Yo no soy una vieja amiga de Verón. Lo conocí, eso sí, en los ochenta y pico, en la flamante Facultad de Ciencias Sociales que estaba en Callao al 900, a la vuelta del Colegio Carlos Pellegrini. El me conoció a mí mucho más tarde. Y no diría siquiera cuando empecé a dar clases en la carrera de Comunicación, que él dirigía en San Andrés. Más vale, tuve evidencia de que él sabía de mí una tarde de 2007, cuando me llamó por teléfono para preguntarme qué opinaba sobre un asunto relativo a ciertas discursividades y cómo resolvería yo unos problemas técnicos específicos. No tengo ni idea de qué le contesté, pero confieso que sentí que había alcanzado otro estatuto, como si me hubiera graduado en algo, porque percibí que la respuesta lo había satisfecho.
A partir de ahí, empezamos a frecuentarnos. A veces salíamos a almorzar. De hecho, nos inventamos un ritual cómplice: “¿Querés algo de postre?”, me preguntaba indefectiblemente al terminar el plato. “Bueno, no sé. ¿Vos?”, “Querés, querés”, decía. Y al mozo: “Yo la conozco y sé qué quiere. Traiga un panqueque de manzana, que lo vamos a compartir”.

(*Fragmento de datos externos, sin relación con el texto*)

theorem lemmaA3:
  fixes M :: "'a measure" and X :: "nat \<Rightarrow> 'a \<Rightarrow> real" and \<gamma> :: real
  assumes "prob_space M"
    and rv: "\<And>i. X i \<in> borel_measurable M"
    and indep: "prob_space.indep_vars M (\<lambda>_. borel) X UNIV"
    and ident: "\<And>i. distr M borel (X i) = distr M borel (X 1)"
    and nonneg: "\<And>i x. x \<in> space M \<Longrightarrow> X i x \<ge> 0"
    and \<gamma>: "0 < \<gamma>" "\<gamma> < 1"
    and tail: "\<exists>L. slowly_varying L \<and>
                 (\<forall>t>0. measure M {x \<in> space M. X 1 x > t} = L t * t powr (-\<gamma>))"
  shows "\<forall>p. 0 < p \<and> p < 1 \<longrightarrow> (\<forall>\<epsilon>>0. \<exists>C>0. \<forall>n::nat. n \<ge> 1 \<longrightarrow>
           prob_space.expectation M
             (\<lambda>x. (\<Sum>j=1..n. min (X j x / real n powr (1/\<gamma>)) (real n powr (-p/\<gamma>)))\<^sup>2)
           \<le> C * real n powr (-p * (1/\<gamma> - 1) + \<epsilon>))"
proof (intro allI impI)
  interpret prob_space M by fact
  fix p \<epsilon> :: real
  assume "0 < p \<and> p < 1" "\<epsilon> > 0"
  let ?e = "\<lambda>\<beta>. 1 - p * (1 - \<beta>) / \<gamma> - \<beta> / \<gamma>" and ?s = "-p * (1/\<gamma> - 1) + \<epsilon>"
  obtain \<beta> where \<beta>: "0 < \<beta>" "\<beta> < \<gamma>" and e: "?e \<beta> \<le> ?s" "2 * ?e \<beta> \<le> ?s"
    using exists_potter_exponent[of p \<gamma> \<epsilon>] \<open>0 < p \<and> p < 1\<close> \<open>\<epsilon> > 0\<close> \<gamma> by auto
  obtain L where L: "slowly_varying L"
    and L_tail: "\<And>t. t > 0 \<Longrightarrow> prob {x \<in> space M. X 1 x > t} = L t * t powr (-\<gamma>)"
    using tail by blast
  obtain K where "K \<ge> 0"
    and tail_X: "\<And>j t. t > 0 \<Longrightarrow> prob {x \<in> space M. X j x > t} \<le> K * t powr (-\<beta>)"
    using regularly_varying_tail_powr_bound[where X = X and i\<^sub>0 = 1,
        OF rv ident L L_tail less_imp_le[OF \<beta>(1)] \<beta>(2)]
    by blast
  define c where "c = K * 2 powr \<beta> / (1 - 2 powr (\<beta> - 1))"
  have "expectation (\<lambda>x. (\<Sum>j=1..n. min (X j x / real n powr (1/\<gamma>)) (real n powr (-p/\<gamma>)))\<^sup>2)
      \<le> (c + c\<^sup>2) * real n powr ?s" if "n \<ge> 1" for n :: nat
    unfolding c_def using that indep_vars_subset[OF indep, of "{1..n}"] nonneg tail_X \<open>K \<ge> 0\<close>
      \<beta> \<gamma> \<open>0 < p \<and> p < 1\<close> e
    by (intro expectation_sq_sum_rescaled_min_le) auto
  moreover have "(c + c\<^sup>2) * real n powr ?s \<le> (c + c\<^sup>2 + 1) * real n powr ?s" for n :: nat
    by (simp add: distrib_right)
  moreover have "c + c\<^sup>2 + 1 > 0"
    using zero_le_power2[of "c + 1/2"] by (simp add: power2_eq_square algebra_simps)
  ultimately show "\<exists>C>0. \<forall>n::nat. n \<ge> 1 \<longrightarrow>
      expectation (\<lambda>x. (\<Sum>j=1..n. min (X j x / real n powr (1/\<gamma>)) (real n powr (-p/\<gamma>)))\<^sup>2)
      \<le> C * real n powr ?s"
    by (blast intro: order_trans)
qed

end
(* Let $f:\mathbb{R}^d\to\mathbb{R}$ be $\beta$-smooth with minimum value $f^\star$. Then the iterates of AdaSGD (as in the context) satisfy $$\sum_{t=1}^T\nabla f(w_t)\cdot g_t\le\frac{\gamma\Delta_1}{\eta}+\Big(\frac{2\bar\Delta_T}{\eta}+\eta\beta\Big)\sqrt{\sum_{t=1}^T\|g_t\|^2},$$ where $\Delta_1=f(w_1)-f^\star$ and $\bar\Delta_T=\max_{t\le T}f(w_t)-f^\star$.
   Context: $\|\cdot\|$ is the Euclidean norm. $\beta$-smooth: $\|\nabla f(x)-\nabla f(y)\|\le\beta\|x-y\|$. AdaSGD with parameters $\eta,\gamma>0$: arbitrary $w_1\in\mathbb{R}^d$; for $t=1,\dots,T$, $g_t$ is the stochastic gradient returned by an oracle at $w_t$, $\eta_t=\eta/\sqrt{\gamma^2+\sum_{s=1}^t\|g_s\|^2}$, and $w_{t+1}=w_t-\eta_tg_t$. *)

theory Defs
  imports "HOL-Analysis.Analysis"
begin

definition adasgd_step :: "real \<Rightarrow> real \<Rightarrow> (nat \<Rightarrow> 'a::real_normed_vector) \<Rightarrow> nat \<Rightarrow> real" where
  "adasgd_step \<eta> \<gamma> g t = \<eta> / sqrt (\<gamma>\<^sup>2 + (\<Sum>s=1..t. (norm (g s))\<^sup>2))"

definition adasgd_iterates :: "real \<Rightarrow> real \<Rightarrow> (nat \<Rightarrow> 'a::real_normed_vector) \<Rightarrow> (nat \<Rightarrow> 'a) \<Rightarrow> nat \<Rightarrow> bool" where
  "adasgd_iterates \<eta> \<gamma> g w T \<longleftrightarrow> (\<forall>t\<in>{1..T}. w (t+1) = w t - adasgd_step \<eta> \<gamma> g t *\<^sub>R g t)"

end

theory Submission
  imports Defs
begin

text \<open>By the descent lemma, an AdaSGD step with step size \<open>\<eta>\<^sub>t = \<eta> / r\<^sub>t\<close>, where
  \<open>r\<^sub>t = sqrt (\<gamma>\<^sup>2 + \<Sum>s\<le>t. norm (g s)\<^sup>2)\<close>, satisfies
  \<open>\<nabla>f(w\<^sub>t) \<bullet> g\<^sub>t \<le> (f(w\<^sub>t) - f(w\<^sub>t\<^sub>+\<^sub>1)) r\<^sub>t / \<eta> + \<beta> \<eta> norm (g\<^sub>t)\<^sup>2 / (2 r\<^sub>t)\<close>.
  Since \<open>r\<close> is nondecreasing with \<open>r\<^sub>0 = \<gamma>\<close>, summation by parts bounds the sum of the first terms
  by \<open>(\<gamma> \<Delta>\<^sub>1 + M (r\<^sub>T - \<gamma>)) / \<eta>\<close>, where \<open>M\<close> is the largest suboptimality gap; the second
  terms sum to at most \<open>\<beta> \<eta> (r\<^sub>T - \<gamma>)\<close> because \<open>b / sqrt (G + b) \<le> 2 (sqrt (G + b) - sqrt G)\<close>.
  Finally \<open>r\<^sub>T - \<gamma> \<le> sqrt (\<Sum>t\<le>T. norm (g t)\<^sup>2)\<close>. This gives the bound even with \<open>M\<close> in place
  of \<open>2 M\<close>, and only uses that \<open>fstar\<close> is a lower bound of \<open>f\<close>, not that it is attained.\<close>

lemma descent_lemma:
  fixes f :: "'a::real_inner \<Rightarrow> real" and df :: "'a \<Rightarrow> 'a"
  assumes grad: "\<And>x. (f has_derivative (\<lambda>h. df x \<bullet> h)) (at x)"
    and smooth: "\<And>x y. norm (df x - df y) \<le> \<beta> * norm (x - y)"
  shows "f y \<le> f x + df x \<bullet> (y - x) + \<beta> / 2 * (norm (y - x))\<^sup>2"
proof -
  define v where "v = y - x"
  define \<phi> where "\<phi> s = f (x + s *\<^sub>R v) - s * (df x \<bullet> v) - \<beta> / 2 * s\<^sup>2 * (norm v)\<^sup>2" for s
  have deriv: "(\<phi> has_real_derivative (df (x + s *\<^sub>R v) \<bullet> v - df x \<bullet> v - \<beta> * s * (norm v)\<^sup>2)) (at s)"
    for s
  proof -
    have "((\<lambda>s. x + s *\<^sub>R v) has_derivative (\<lambda>h. h *\<^sub>R v)) (at s)"
      by (auto intro!: derivative_eq_intros)
    from has_derivative_compose[OF this grad]
    have f_line: "((\<lambda>s. f (x + s *\<^sub>R v)) has_real_derivative (df (x + s *\<^sub>R v) \<bullet> v)) (at s)"
      by (simp add: has_field_derivative_def mult.commute[of _ "df (x + s *\<^sub>R v) \<bullet> v"])
    show ?thesis
      unfolding \<phi>_def by (rule derivative_eq_intros f_line refl | simp)+
  qed
  have deriv_nonpos: "df (x + s *\<^sub>R v) \<bullet> v - df x \<bullet> v - \<beta> * s * (norm v)\<^sup>2 \<le> 0" if "0 \<le> s" for s
  proof -
    have "df (x + s *\<^sub>R v) \<bullet> v - df x \<bullet> v = (df (x + s *\<^sub>R v) - df x) \<bullet> v"
      by (simp add: inner_diff_left)
    also have "\<dots> \<le> norm (df (x + s *\<^sub>R v) - df x) * norm v"
      by (rule norm_cauchy_schwarz)
    also have "\<dots> \<le> \<beta> * norm (s *\<^sub>R v) * norm v"
      using smooth[of "x + s *\<^sub>R v" x] by (simp add: mult_right_mono)
    also have "\<dots> = \<beta> * s * (norm v)\<^sup>2"
      using that by (simp add: power2_eq_square)
    finally show ?thesis by simp
  qed
  have "\<phi> 1 \<le> \<phi> 0"
    by (rule DERIV_nonpos_imp_nonincreasing[of 0 1]) (use deriv deriv_nonpos in \<open>auto intro!: exI\<close>)
  then show ?thesis
    unfolding \<phi>_def v_def by (simp add: inner_diff_right)
qed

lemma gradient_step_inner_le:
  fixes f :: "'a::real_inner \<Rightarrow> real" and df :: "'a \<Rightarrow> 'a"
  assumes grad: "\<And>x. (f has_derivative (\<lambda>h. df x \<bullet> h)) (at x)"
    and smooth: "\<And>x y. norm (df x - df y) \<le> \<beta> * norm (x - y)"
    and "c > 0"
  shows "df x \<bullet> v \<le> (f x - f (x - c *\<^sub>R v)) / c + \<beta> / 2 * (c * (norm v)\<^sup>2)"
proof -
  have "f (x - c *\<^sub>R v) \<le> f x - c * (df x \<bullet> v) + \<beta> / 2 * (c * (c * (norm v)\<^sup>2))"
    using descent_lemma[OF grad smooth, of "x - c *\<^sub>R v" x] \<open>c > 0\<close>
    by (simp add: power_mult_distrib power2_eq_square mult_ac)
  then show ?thesis
    using \<open>c > 0\<close> by (simp add: field_simps)
qed

lemma lipschitz_constant_nonneg:
  fixes h :: "'a::euclidean_space \<Rightarrow> 'b::real_normed_vector"
  assumes "\<And>x y. norm (h x - h y) \<le> \<beta> * norm (x - y)"
  shows "\<beta> \<ge> 0"
proof -
  obtain b :: 'a where "b \<in> Basis"
    using nonempty_Basis by blast
  then have "norm (h b - h 0) \<le> \<beta>"
    using assms[of b 0] by simp
  then show ?thesis
    using norm_ge_zero order_trans by blast
qed

lemma summation_by_parts_le:
  fixes D r :: "nat \<Rightarrow> real"
  assumes "\<And>t. t \<in> {1..n} \<Longrightarrow> D t \<le> M" and "\<And>t. r t \<le> r (Suc t)"
  shows "(\<Sum>t=1..n. (D t - D (t + 1)) * r t) \<le> D 1 * r 0 + M * (r n - r 0) - D (n + 1) * r n"
  using assms(1)
proof (induction n)
  case 0
  then show ?case by simp
next
  case (Suc n)
  have "D (Suc n) * (r (Suc n) - r n) \<le> M * (r (Suc n) - r n)"
    using Suc.prems[of "Suc n"] assms(2)[of n] by (simp add: mult_right_mono)
  with Suc show ?case by (simp add: algebra_simps)
qed

lemma div_sqrt_add_le:
  fixes G b :: real
  assumes "0 \<le> G" "0 \<le> b"
  shows "b / sqrt (G + b) \<le> 2 * (sqrt (G + b) - sqrt G)"
proof (cases "G + b = 0")
  case False
  have "b = (sqrt (G + b) - sqrt G) * (sqrt (G + b) + sqrt G)"
    using assms by (simp add: algebra_simps)
  also have "\<dots> \<le> (sqrt (G + b) - sqrt G) * (2 * sqrt (G + b))"
    using assms by (intro mult_left_mono) auto
  also have "\<dots> = 2 * (sqrt (G + b) - sqrt G) * sqrt (G + b)"
    by (simp only: mult_ac)
  finally show ?thesis
    using assms False by (subst pos_divide_le_eq) auto
qed (use assms in simp)

lemma sum_div_sqrt_partial_sums_le:
  fixes a :: "nat \<Rightarrow> real"
  assumes "0 \<le> c" and "\<And>t. 0 \<le> a t"
  shows "(\<Sum>t=1..n. a t / sqrt (c + (\<Sum>s=1..t. a s))) \<le> 2 * (sqrt (c + (\<Sum>s=1..n. a s)) - sqrt c)"
proof (induction n)
  case (Suc n)
  have "0 \<le> c + (\<Sum>s=1..n. a s)"
    using assms by (simp add: sum_nonneg)
  from div_sqrt_add_le[OF this assms(2)[of "Suc n"]] Suc.IH
  show ?case by (simp add: add.assoc)
qed simp

definition adasgd_scale :: "real \<Rightarrow> (nat \<Rightarrow> 'a::real_normed_vector) \<Rightarrow> nat \<Rightarrow> real" where
  "adasgd_scale \<gamma> g t = sqrt (\<gamma>\<^sup>2 + (\<Sum>s=1..t. (norm (g s))\<^sup>2))"

lemma adasgd_step_eq: "adasgd_step \<eta> \<gamma> g t = \<eta> / adasgd_scale \<gamma> g t"
  by (simp add: adasgd_step_def adasgd_scale_def)

lemma adasgd_scale_0: "\<gamma> \<ge> 0 \<Longrightarrow> adasgd_scale \<gamma> g 0 = \<gamma>"
  by (simp add: adasgd_scale_def)

lemma adasgd_scale_pos: "\<gamma> > 0 \<Longrightarrow> adasgd_scale \<gamma> g t > 0"
  by (simp add: adasgd_scale_def add_pos_nonneg sum_nonneg)

lemma adasgd_scale_Suc_ge: "adasgd_scale \<gamma> g t \<le> adasgd_scale \<gamma> g (Suc t)"
  by (simp add: adasgd_scale_def)

lemma adasgd_scale_ge: "\<gamma> \<ge> 0 \<Longrightarrow> \<gamma> \<le> adasgd_scale \<gamma> g t"
  using real_sqrt_le_mono[of "\<gamma>\<^sup>2" "\<gamma>\<^sup>2 + (\<Sum>s=1..t. (norm (g s))\<^sup>2)"]
  by (simp add: adasgd_scale_def sum_nonneg)

lemma adasgd_scale_le: "\<gamma> \<ge> 0 \<Longrightarrow> adasgd_scale \<gamma> g t \<le> \<gamma> + sqrt (\<Sum>s=1..t. (norm (g s))\<^sup>2)"
  using sqrt_add_le_add_sqrt[of "\<gamma>\<^sup>2" "\<Sum>s=1..t. (norm (g s))\<^sup>2"]
  by (simp add: adasgd_scale_def sum_nonneg)

lemma sum_adasgd_step_norm_le:
  assumes "\<gamma> \<ge> 0" "\<eta> \<ge> 0"
  shows "(\<Sum>t=1..T. adasgd_step \<eta> \<gamma> g t * (norm (g t))\<^sup>2) \<le> 2 * \<eta> * (adasgd_scale \<gamma> g T - \<gamma>)"
proof -
  have "(\<Sum>t=1..T. (norm (g t))\<^sup>2 / adasgd_scale \<gamma> g t) \<le> 2 * (adasgd_scale \<gamma> g T - \<gamma>)"
    using sum_div_sqrt_partial_sums_le[of "\<gamma>\<^sup>2" "\<lambda>t. (norm (g t))\<^sup>2" T] assms
    by (simp add: adasgd_scale_def)
  from mult_left_mono[OF this \<open>\<eta> \<ge> 0\<close>] show ?thesis
    by (simp add: adasgd_step_eq sum_distrib_left right_diff_distrib mult_ac)
qed

lemma adasgd_sum_inner_le:
  fixes f :: "'a::euclidean_space \<Rightarrow> real" and df :: "'a \<Rightarrow> 'a"
  assumes grad: "\<And>x. (f has_derivative (\<lambda>h. df x \<bullet> h)) (at x)"
    and smooth: "\<And>x y. norm (df x - df y) \<le> \<beta> * norm (x - y)"
    and "\<eta> > 0" "\<gamma> > 0" and iter: "adasgd_iterates \<eta> \<gamma> g w T"
  shows "(\<Sum>t=1..T. df (w t) \<bullet> g t)
    \<le> (\<Sum>t=1..T. (f (w t) - f (w (t + 1))) * adasgd_scale \<gamma> g t) / \<eta>
      + \<eta> * \<beta> * (adasgd_scale \<gamma> g T - \<gamma>)"
proof -
  let ?\<eta>\<^sub>t = "adasgd_step \<eta> \<gamma> g"
  have step: "df (w t) \<bullet> g t
      \<le> (f (w t) - f (w (t + 1))) * adasgd_scale \<gamma> g t / \<eta> + \<beta> / 2 * (?\<eta>\<^sub>t t * (norm (g t))\<^sup>2)"
    if "t \<in> {1..T}" for t
  proof -
    have "w (t + 1) = w t - ?\<eta>\<^sub>t t *\<^sub>R g t"
      using iter that unfolding adasgd_iterates_def by blast
    moreover have "?\<eta>\<^sub>t t > 0"
      using \<open>\<eta> > 0\<close> adasgd_scale_pos[OF \<open>\<gamma> > 0\<close>, of g t] by (simp add: adasgd_step_eq)
    ultimately have "df (w t) \<bullet> g t \<le> (f (w t) - f (w (t + 1))) / ?\<eta>\<^sub>t t + \<beta> / 2 * (?\<eta>\<^sub>t t * (norm (g t))\<^sup>2)"
      using gradient_step_inner_le[OF grad smooth, of "?\<eta>\<^sub>t t" "w t" "g t"] by simp
    then show ?thesis
      by (simp add: adasgd_step_eq)
  qed
  have "(\<Sum>t=1..T. df (w t) \<bullet> g t)
      \<le> (\<Sum>t=1..T. (f (w t) - f (w (t + 1))) * adasgd_scale \<gamma> g t / \<eta> + \<beta> / 2 * (?\<eta>\<^sub>t t * (norm (g t))\<^sup>2))"
    using step by (rule sum_mono)
  also have "\<dots> = (\<Sum>t=1..T. (f (w t) - f (w (t + 1))) * adasgd_scale \<gamma> g t) / \<eta>
      + \<beta> / 2 * (\<Sum>t=1..T. ?\<eta>\<^sub>t t * (norm (g t))\<^sup>2)"
    by (simp add: sum.distrib sum_divide_distrib sum_distrib_left)
  also have "\<dots> \<le> (\<Sum>t=1..T. (f (w t) - f (w (t + 1))) * adasgd_scale \<gamma> g t) / \<eta>
      + \<beta> / 2 * (2 * \<eta> * (adasgd_scale \<gamma> g T - \<gamma>))"
    using sum_adasgd_step_norm_le[of \<gamma> \<eta> g T] lipschitz_constant_nonneg[OF smooth] assms(3,4)
    by (intro add_left_mono mult_left_mono) auto
  finally show ?thesis
    by (simp add: algebra_simps)
qed

lemma adasgd_sum_inner_le_suboptimality:
  fixes f :: "'a::euclidean_space \<Rightarrow> real" and df :: "'a \<Rightarrow> 'a"
  assumes grad: "\<And>x. (f has_derivative (\<lambda>h. df x \<bullet> h)) (at x)"
    and smooth: "\<And>x y. norm (df x - df y) \<le> \<beta> * norm (x - y)"
    and fmin: "\<And>x. fstar \<le> f x" and gap: "\<And>t. t \<in> {1..T} \<Longrightarrow> f (w t) - fstar \<le> M"
    and "\<eta> > 0" "\<gamma> > 0" and iter: "adasgd_iterates \<eta> \<gamma> g w T"
  shows "(\<Sum>t=1..T. df (w t) \<bullet> g t)
    \<le> (\<gamma> * (f (w 1) - fstar) + M * (adasgd_scale \<gamma> g T - \<gamma>)) / \<eta>
      + \<eta> * \<beta> * (adasgd_scale \<gamma> g T - \<gamma>)"
proof -
  define D where "D t = f (w t) - fstar" for t
  define r where "r = adasgd_scale \<gamma> g"
  have "(\<Sum>t=1..T. (D t - D (t + 1)) * r t) \<le> D 1 * r 0 + M * (r T - r 0) - D (T + 1) * r T"
    using summation_by_parts_le[of T D M r, OF gap[folded D_def] adasgd_scale_Suc_ge[of \<gamma> g, folded r_def]] .
  moreover have "r 0 = \<gamma>" "0 \<le> D (T + 1) * r T"
    using \<open>\<gamma> > 0\<close> fmin[of "w (T + 1)"] adasgd_scale_pos[of \<gamma> g T]
    unfolding D_def r_def by (simp_all add: adasgd_scale_0)
  ultimately have "(\<Sum>t=1..T. (f (w t) - f (w (t + 1))) * r t) \<le> \<gamma> * D 1 + M * (r T - \<gamma>)"
    by (simp add: D_def mult.commute)
  then show ?thesis
    using adasgd_sum_inner_le[OF grad smooth \<open>\<eta> > 0\<close> \<open>\<gamma> > 0\<close> iter] \<open>\<eta> > 0\<close>
    unfolding D_def r_def by (smt (verit) divide_right_mono)
qed

theorem lemma1:
  fixes f :: "'a::euclidean_space \<Rightarrow> real" and df :: "'a \<Rightarrow> 'a"
    and \<beta> \<eta> \<gamma> fstar :: real and g w :: "nat \<Rightarrow> 'a" and T :: nat
  assumes grad: "\<And>x. (f has_derivative (\<lambda>h. df x \<bullet> h)) (at x)"
    and smooth: "\<And>x y. norm (df x - df y) \<le> \<beta> * norm (x - y)"
    and fmin: "\<And>x. fstar \<le> f x" and fstar_att: "\<exists>x. f x = fstar"
    and eta_pos: "\<eta> > 0" and gamma_pos: "\<gamma> > 0"
    and iter: "adasgd_iterates \<eta> \<gamma> g w T"
  shows "(\<Sum>t=1..T. df (w t) \<bullet> g t)
    \<le> \<gamma> * (f (w 1) - fstar) / \<eta>
      + (2 * ((MAX t\<in>{1..T}. f (w t)) - fstar) / \<eta> + \<eta> * \<beta>) * sqrt (\<Sum>t=1..T. (norm (g t))\<^sup>2)"
proof (cases "T = 0")
  case True
  then show ?thesis using fmin[of "w 1"] eta_pos gamma_pos by simp
next
  case False
  define M where "M = (MAX t\<in>{1..T}. f (w t)) - fstar"
  define S where "S = (\<Sum>t=1..T. (norm (g t))\<^sup>2)"
  define r\<^sub>T where "r\<^sub>T = adasgd_scale \<gamma> g T"
  have gap: "f (w t) - fstar \<le> M" if "t \<in> {1..T}" for t
    using that unfolding M_def by (intro diff_right_mono Max_ge) auto
  have "0 \<le> M" "0 \<le> r\<^sub>T - \<gamma>" "r\<^sub>T - \<gamma> \<le> sqrt S" "0 \<le> \<beta>"
    using gap[of 1] False fmin[of "w 1"] adasgd_scale_ge[of \<gamma> g T] adasgd_scale_le[of \<gamma> g T] gamma_pos
      lipschitz_constant_nonneg[OF smooth]
    unfolding r\<^sub>T_def S_def by auto
  then have M_term: "M * (r\<^sub>T - \<gamma>) \<le> 2 * M * sqrt S"
    using mult_left_mono[of "r\<^sub>T - \<gamma>" "sqrt S" M] mult_nonneg_nonneg[of M "sqrt S"] by linarith
  have \<beta>_term: "\<eta> * \<beta> * (r\<^sub>T - \<gamma>) \<le> \<eta> * \<beta> * sqrt S"
    using \<open>r\<^sub>T - \<gamma> \<le> sqrt S\<close> \<open>0 \<le> \<beta>\<close> eta_pos by (simp add: mult_left_mono)
  have "(\<gamma> * (f (w 1) - fstar) + M * (r\<^sub>T - \<gamma>)) / \<eta> + \<eta> * \<beta> * (r\<^sub>T - \<gamma>)
      \<le> \<gamma> * (f (w 1) - fstar) / \<eta> + (2 * M / \<eta> + \<eta> * \<beta>) * sqrt S"
    using add_mono[OF divide_right_mono[OF M_term] \<beta>_term] eta_pos
    by (simp add: add_divide_distrib distrib_right)
  with adasgd_sum_inner_le_suboptimality[OF grad smooth fmin gap eta_pos gamma_pos iter]
  show ?thesis
    unfolding M_def S_def r\<^sub>T_def by linarith
qed

end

Otras veces nos juntábamos en la universidad, al principio en su oficina de fumador empedernido, después en la mía. Hablábamos de muchas cosas. Temas académicos: asuntos de tesis, de tutorías, de cursadas. Temas profanos: su casa italiana en Monte Cerignone, vecina de la de Umberto Eco, con quien jugaba a las bochas (y a veces, no siempre, le ganaba); o la posada de Japaratinga, enclavada en el paraíso. También nos juntábamos en su casa, donde siempre compartíamos una caipirinha: “Acá, la caipirinha se toma como el mate”, decía, y pasaba el vaso gordo para iniciar la ronda.
La vida es tan rara: a mí, que lo había mirado en los ochenta y pico como sólo se mira a esos autores que uno lee y que sabe que, en algún punto, le han cambiado la vida, me tocó sucederlo en el cargo de director de la carrera. Entiéndase bien: sucederlo. Nunca podría reemplazarlo. El estaba cansado de esa dirección, muchos años con una tarea demandante que le restaba el tiempo que necesitaba para seguir produciendo conocimiento. “¿Qué es lo que NO tengo que hacer, Eliseo, en esta tarea?”, “Vos sola vas a darte cuenta”, me dijo. “Y si no, yo voy a estar”.
Me conmovía escucharlo: aunque claro y preciso, su discurso jamás era unívoco, sus palabras reverberaban en la mente trayendo otros sentidos, generando una red de efectos que, por qué negarlo, me provocaba un extraño placer intelectual. Agudo, inexpugnablemente lúcido y lapidario, había traído la semiología a la Argentina y creo que se sabía fundador de un monumento que no cesa de crecer. Por eso le encantaba estar rodeado de jóvenes: no faltaba nunca a sus clases y llegaba puntual a darlas, secretamente feliz.
En estos días, la prensa ha hablado mucho de quién era Eliseo. Y es probable que mucho de lo que se ha dicho sea cierto.
Pero no es menos cierto que fue un maestro querido por sus alumnos (que hoy lo lloran, doy fe) y valorado por sus amigos (como Oscar Traversa, su amigo entrañable, casi su hermano). Y que ha sido un padre devoto de su hijo Daniel, quien le llenaba la boca de orgullo y de ternura. Porque si Eliseo resultaba parco a veces, como distante o invulnerable, la sola mención de Daniel (su mejor obra, pero en una dimensión que no parece admitida por las biografías académicas) lo volvía vulnerable y humano. Igual que cuando sonreía, con esa especie de risita pícara con las cejas levantadas que, de pronto, lo convertía en un chico.
Yo sé que Eliseo fue un intelectual controvertido, un hombre de posturas contundentes, tal vez desafiantes. Sé que ha recibido miradas diversas. Seguramente hay varios Eliseoverones. Conmigo fue un hombre genuinamente generoso. No supe antes y ahora nunca sabré por qué.
Yo no fui amiga de él por mucho tiempo, apenas los últimos siete, seis años. Pero me honra considerarme su amiga. Y hasta tuve la oportunidad de decirle, la última vez que lo vi, apenas unas horas antes de que se fuera, que lo quería mucho.
*Directora de la Licenciatura en Comunicación de la Universidad de San Andrés.